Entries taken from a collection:
definition bell_kraus :: "nat list \<Rightarrow> nat \<Rightarrow> cmat" where "bell_kraus d k = (\<lambda>r y. bell_amp d k y)"
definition bell_fail_kraus :: "nat list \<Rightarrow> nat \<Rightarrow> cmat" where
  "bell_fail_kraus d k = (\<lambda>r y. (if r = y then 1 else 0) - bell_amp d k r * bell_amp d k y)"
definition bell_instrument :: "nat list \<Rightarrow> nat \<Rightarrow> (nat \<times> cmat) list" where
  "bell_instrument d k = [(1, bell_kraus d k), (d!k * d!k, bell_fail_kraus d k)]"
definition bell_test :: "nat list \<Rightarrow> locc" where "bell_test d = chain (bell_instrument d) 0 (length d)"

lemma cnj_bell_amp[simp]: "cnj (bell_amp d k y) = bell_amp d k y"
  by (simp add: bell_amp_def)

lemma bell_amp_sq_sum:
  assumes dk: "d!k > 0"
  shows "(\<Sum>r<d!k * d!k. bell_amp d k r * bell_amp d k r) = 1"
proof -
  let ?n = "d!k"
  have sq: "complex_of_real (1 / sqrt (real ?n)) * complex_of_real (1 / sqrt (real ?n)) = 1 / of_nat ?n"
  proof -
    have "(1 / sqrt (real ?n)) * (1 / sqrt (real ?n)) = 1 / real ?n" using dk by (simp add: divide_simps)
    then show ?thesis by (metis of_real_mult of_real_divide of_real_1 of_real_of_nat_eq)
  qed
  have "(\<Sum>r<?n * ?n. bell_amp d k r * bell_amp d k r) = (\<Sum>c<?n. \<Sum>s<?n. bell_amp d k (c*?n+s) * bell_amp d k (c*?n+s))"
    by (rule sum_lessThan_mult_split[OF dk])
  also have "\<dots> = (\<Sum>c<?n. \<Sum>s<?n. if c = s then 1 / of_nat ?n else 0)"
    using dk sq by (intro sum.cong refl) (auto simp: bell_amp_def)
  also have "\<dots> = (\<Sum>c<?n. 1 / (of_nat ?n :: complex))" by (intro sum.cong refl) (simp add: sum.delta)
  also have "\<dots> = 1" using dk by simp
  finally show ?thesis .
qed

lemma sum_delta_l: "(i::nat) < n \<Longrightarrow> (\<Sum>r<n. (if r = i then 1 else 0) * f r) = (f i :: complex)"
  by (simp add: if_distrib[of "\<lambda>x. x * _"] sum.delta cong: if_cong)
lemma sum_delta_r: "(i::nat) < n \<Longrightarrow> (\<Sum>r<n. f r * (if r = i then 1 else 0)) = (f i :: complex)"
  by (simp add: if_distrib[of "\<lambda>x. _ * x"] sum.delta cong: if_cong)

Task instructions: All lines in the data that contain the word "dots" should be copied.

Answer to the exercise:
  also have "\<dots> = (\<Sum>c<?n. \<Sum>s<?n. if c = s then 1 / of_nat ?n else 0)"
  also have "\<dots> = (\<Sum>c<?n. 1 / (of_nat ?n :: complex))" by (intro sum.cong refl) (simp add: sum.delta)
  also have "\<dots> = 1" using dk by simp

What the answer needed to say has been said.